To make it interesting, I will plot different lines for each borough.
```{r}
# set up viz data object
reviews_by_borough <- airbnb_orig %>%
  #include only the rows with reviews
  filter(number_of_reviews > 0) %>%
  filter(last_review > '2019-01-01') %>%
  #create groups by borough
  group_by(neighbourhood_group)

reviews_by_borough %>%
  # set up the x and y and group and color
  ggplot(aes(x=last_review, y=neighbourhood_group, fill= neighbourhood_group)) +
  geom_density_ridges(alpha=0.6, ) +
    theme_ridges() +
    theme(
      legend.position="none",
      panel.spacing = unit(0.1, "lines")) +
  #rename x axis
  labs(x="Date of Last Review", y= "Borough", title = "Date of Last Reviews in 2019, Airbnb Listings NYC")+
  # make it shiny
  theme_gray()
  
  reviews_by_borough
```
I first graphed this as another `geom_density` but couldn't see everything since it's all so uniform and stacked together. So I tried a ridgeline plot. I also limited to the year 2019 to see if I could find any remarkable variation, and there doesn't seem to be any. Another analysis could look at any differences about price bins.

## Visualizing Part-Whole Relationships
I want to learn more about how neighborhoods make up the NYC boroughs, as they are listed in this data set. I selected `treemap` because I want to show subgroups within groups, and also to see how each neighborhood and borough are represented in the data by count of listing.
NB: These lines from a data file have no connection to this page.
lemma det_one_mat_replace_outer_cols:
  fixes u w :: "nat \<Rightarrow> 'a::comm_ring_1"
  shows "det (mat (n+2) (n+2) (\<lambda>(i, j). if j = 0 then u i else if j = n+1 then w i
            else if i = j then 1 else 0))
       = u 0 * w (n+1) - w 0 * u (n+1)"
    (is "det ?B = _")
proof -
  have B: "?B \<in> carrier_mat (n+2) (n+2)" by simp
  have inner_cofactor: "cofactor ?B r (n+1) = 0" if "r \<in> {..<n+2} - {0, n+1}" for r
    unfolding cofactor_def
    using det_zero_col[of "mat_delete ?B r (n+1)" "n+1" r] that by (simp add: mat_delete_def)
  have "det ?B = (\<Sum>r<n+2. ?B $$ (r, n+1) * cofactor ?B r (n+1))"
    by (rule laplace_expansion_column[OF B]) simp
  also have "\<dots> = (\<Sum>r\<in>{0, n+1}. ?B $$ (r, n+1) * cofactor ?B r (n+1))"
    by (rule sum.mono_neutral_right) (use inner_cofactor in auto)
  also have "\<dots> = w 0 * cofactor ?B 0 (n+1) + w (n+1) * cofactor ?B (n+1) (n+1)"
    by simp
  also have "cofactor ?B (n+1) (n+1) = u 0"
  proof -
    define E where "E = mat_delete ?B (n+1) (n+1)"
    have E: "E \<in> carrier_mat (n+1) (n+1)" unfolding E_def by (simp add: mat_delete_def)
    have "det E = E $$ (0, 0) * cofactor E 0 0"
      by (rule det_row_single_entry[OF E]) (auto simp: E_def mat_delete_def)
    moreover have "mat_delete E 0 0 = 1\<^sub>m n"
      by (rule eq_matI) (auto simp: E_def mat_delete_def)
    ultimately have "det E = u 0"
      by (simp add: cofactor_def E_def mat_delete_def)
    then show ?thesis by (simp add: cofactor_def E_def flip: mult_2)
  qed
  also have "cofactor ?B 0 (n+1) = - u (n+1)"
  proof -
    define E where "E = mat_delete ?B 0 (n+1)"
    have E: "E \<in> carrier_mat (n+1) (n+1)" unfolding E_def by (simp add: mat_delete_def)
    have "det E = E $$ (n, 0) * cofactor E n 0"
      by (rule det_row_single_entry[OF E]) (auto simp: E_def mat_delete_def)
    moreover have "mat_delete E n 0 = 1\<^sub>m n"
      by (rule eq_matI) (auto simp: E_def mat_delete_def)
    ultimately have "det E = (-1)^n * u (n+1)"
      by (simp add: cofactor_def E_def mat_delete_def)
    then show ?thesis
      by (simp add: cofactor_def E_def flip: mult.assoc power_add mult_2)
  qed
  finally show ?thesis by (simp add: algebra_simps)
qed

lemma det_scaled_unit_outer_cols:
  fixes M :: "'a::comm_ring_1 mat"
  shows "det (mat (n+2) (n+2) (\<lambda>(i, j). if j = 0 then (if i = 0 then d else 0)
            else if j = n+1 then (if i = n+1 then d else 0) else M $$ (i, j)))
       = d^2 * det (mat n n (\<lambda>(i, j). M $$ (i+1, j+1)))"
    (is "det ?C = _")
proof -
  have C: "?C \<in> carrier_mat (n+2) (n+2)" by simp
  define D where "D = mat_delete ?C 0 0"
  have D: "D \<in> carrier_mat (n+1) (n+1)" unfolding D_def by (simp add: mat_delete_def)
  have "det ?C = d * det D"
    using det_col_single_entry[OF C, of 0 0] by (simp add: cofactor_def D_def)
  also have "det D = D $$ (n, n) * cofactor D n n"
    by (rule det_col_single_entry[OF D]) (auto simp: D_def mat_delete_def)
  also have "mat_delete D n n = mat n n (\<lambda>(i, j). M $$ (i+1, j+1))"
    by (rule eq_matI) (auto simp: D_def mat_delete_def)
  then have "D $$ (n, n) * cofactor D n n = d * det (mat n n (\<lambda>(i, j). M $$ (i+1, j+1)))"
    by (simp add: cofactor_def D_def mat_delete_def flip: mult_2)
  finally show ?thesis by (simp add: power2_eq_square)
qed

lemma mult_adj_outer_cols:
  fixes M :: "'a::comm_ring_1 mat"
  assumes M: "M \<in> carrier_mat (n+2) (n+2)"
  shows "M * mat (n+2) (n+2) (\<lambda>(i, j). if j = 0 then adj_mat M $$ (i, 0)
            else if j = n+1 then adj_mat M $$ (i, n+1) else if i = j then 1 else 0)
       = mat (n+2) (n+2) (\<lambda>(i, j). if j = 0 then (if i = 0 then det M else 0)
            else if j = n+1 then (if i = n+1 then det M else 0) else M $$ (i, j))"
    (is "M * ?B = ?C")
proof (rule eq_matI)
  have A: "adj_mat M \<in> carrier_mat (n+2) (n+2)" and B: "?B \<in> carrier_mat (n+2) (n+2)"
    using adj_mat[OF M] by auto
  fix i j assume "i < dim_row ?C" "j < dim_col ?C"
  then have i: "i < n+2" and j: "j < n+2" by auto
  have col: "(M * X) $$ (i, j) = (\<Sum>k<n+2. M $$ (i, k) * X $$ (k, j))"
    if "X \<in> carrier_mat (n+2) (n+2)" for X
    using M that i j by (auto simp: scalar_prod_def atLeast0LessThan intro!: sum.cong)
  show "(M * ?B) $$ (i, j) = ?C $$ (i, j)"
  proof (cases "j = 0 \<or> j = n+1")
    case True
    then have "(M * ?B) $$ (i, j) = (M * adj_mat M) $$ (i, j)"
      unfolding col[OF B] col[OF A] by (auto intro!: sum.cong)
    with True i j show ?thesis unfolding adj_mat(2)[OF M] by auto
  next
    case False
    then have "(M * ?B) $$ (i, j) = (\<Sum>k<n+2. if k = j then M $$ (i, j) else 0)"
      unfolding col[OF B] by (intro sum.cong) (use j in auto)
    with False i j show ?thesis by simp
  qed
qed (use M in auto)

text \<open>Jacobi's argument: multiplying \<open>M\<close> by the identity matrix whose outer columns are replaced
  by those of \<open>adj_mat M\<close> leaves only the inner minor of \<open>M\<close>, while the second factor has the
  determinant of a $2 \times 2$ minor of \<open>adj_mat M\<close>.\<close>

theorem desnanot_jacobi:
  fixes M :: "'a::idom mat"
  assumes M: "M \<in> carrier_mat (n+2) (n+2)" and det_nz: "det M \<noteq> 0"
  shows "det M * det (mat n n (\<lambda>(i, j). M $$ (i+1, j+1))) =
     det (mat_delete M 0 0) * det (mat_delete M (n+1) (n+1))
     - det (mat_delete M 0 (n+1)) * det (mat_delete M (n+1) 0)"
proof -
  define B where "B = mat (n+2) (n+2) (\<lambda>(i, j). if j = 0 then adj_mat M $$ (i, 0)
      else if j = n+1 then adj_mat M $$ (i, n+1) else if i = j then 1 else 0)"
  have B: "B \<in> carrier_mat (n+2) (n+2)" unfolding B_def by simp
  have adj_entry: "adj_mat M $$ (i, j) = cofactor M j i" if "i < n+2" "j < n+2" for i j
    using that M unfolding adj_mat_def by auto
  have "det B = cofactor M 0 0 * cofactor M (n+1) (n+1) - cofactor M (n+1) 0 * cofactor M 0 (n+1)"
    unfolding B_def det_one_mat_replace_outer_cols by (simp add: adj_entry)
  also have "\<dots> = det (mat_delete M 0 0) * det (mat_delete M (n+1) (n+1))
     - det (mat_delete M 0 (n+1)) * det (mat_delete M (n+1) 0)"
    by (simp add: cofactor_def flip: mult.assoc power_add mult_2)
  finally have det_B: "det B = \<dots>" .
  have "det M * det B = det M * (det M * det (mat n n (\<lambda>(i, j). M $$ (i+1, j+1))))"
    using det_mult[OF M B] unfolding B_def mult_adj_outer_cols[OF M] det_scaled_unit_outer_cols
    by (simp add: power2_eq_square) metis
  with det_nz show ?thesis unfolding det_B by simp
qed

section \<open>Hankel determinants\<close>

definition hankel_mat :: "(int \<Rightarrow> 'a) \<Rightarrow> int \<Rightarrow> nat \<Rightarrow> 'a mat" where
  "hankel_mat a k N = mat N N (\<lambda>(i, j). a (int i + int j + k - int N))"

lemma hankel_v_eq_det: "hankel_v a k N = det (hankel_mat a k N)"
  by (simp add: hankel_v_def hankel_mat_def)

lemma hankel_mat_carrier: "hankel_mat a k N \<in> carrier_mat N N"
  by (simp add: hankel_mat_def)

lemma hankel_mat_minors:
  "mat_delete (hankel_mat a k (N+2)) 0 0 = hankel_mat a (k+1) (N+1)"
  "mat_delete (hankel_mat a k (N+2)) (N+1) (N+1) = hankel_mat a (k-1) (N+1)"
  "mat_delete (hankel_mat a k (N+2)) 0 (N+1) = hankel_mat a k (N+1)"
  "mat_delete (hankel_mat a k (N+2)) (N+1) 0 = hankel_mat a k (N+1)"
  "mat N N (\<lambda>(i, j). hankel_mat a k (N+2) $$ (i+1, j+1)) = hankel_mat a k N"
  by (auto simp: hankel_mat_def mat_delete_def intro!: eq_matI arg_cong[where f=a])

lemma hankel_v_desnanot_jacobi:
  assumes "hankel_v a k (N+2) \<noteq> 0"
  shows "hankel_v a k (N+2) * hankel_v a k N
       = hankel_v a (k-1) (N+1) * hankel_v a (k+1) (N+1) - hankel_v a k (N+1)^2"
  using desnanot_jacobi[OF hankel_mat_carrier, of a k N] assms
  unfolding hankel_v_eq_det hankel_mat_minors by (simp add: power2_eq_square mult.commute)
This graph will allow me to easily see how much area each covers.
```{r}
#prep the data frame
boroughs <- airbnb_orig %>%
  # select just the variables I want
  select(neighbourhood, neighbourhood_group) %>%
  count(neighbourhood, neighbourhood_group)
boroughs


boroughs %>%
treemap(boroughs,
        index= c("neighbourhood_group", "neighbourhood"),
        vSize = "n",
        type = "index",
        title = "Count of Listings by Neighborhood, Airbnb NYC 2019"
)
  
  
```
Wow. This really paints a picture regarding where the listings are located. I can easily see that Manhattan and Brooklyn are by far the most popular, with Queens in third, and the Bronx and Staten Island having a very small proportion of rows.

It would be interesting to create another treemap of average prices in each neighborhood.
```{r}
#prep the data frame
boroughs_price <- airbnb_orig %>%
  select(neighbourhood, neighbourhood_group, price) %>%
  group_by(neighbourhood, neighbourhood_group) %>%
  summarize(median(price))
boroughs_price



boroughs_price %>%
treemap(boroughs,
        index= c("neighbourhood_group", "neighbourhood"),
        vSize = "median(price)",
        type = "index",
        title = "Median Listing Price by Neighborhood, Airbnb NYC 2019"
)
```
Cool! Fort Wadsworth and then Woodrow are clearly the most expensive. Is that the castle, and/or the outliers I never dealt with?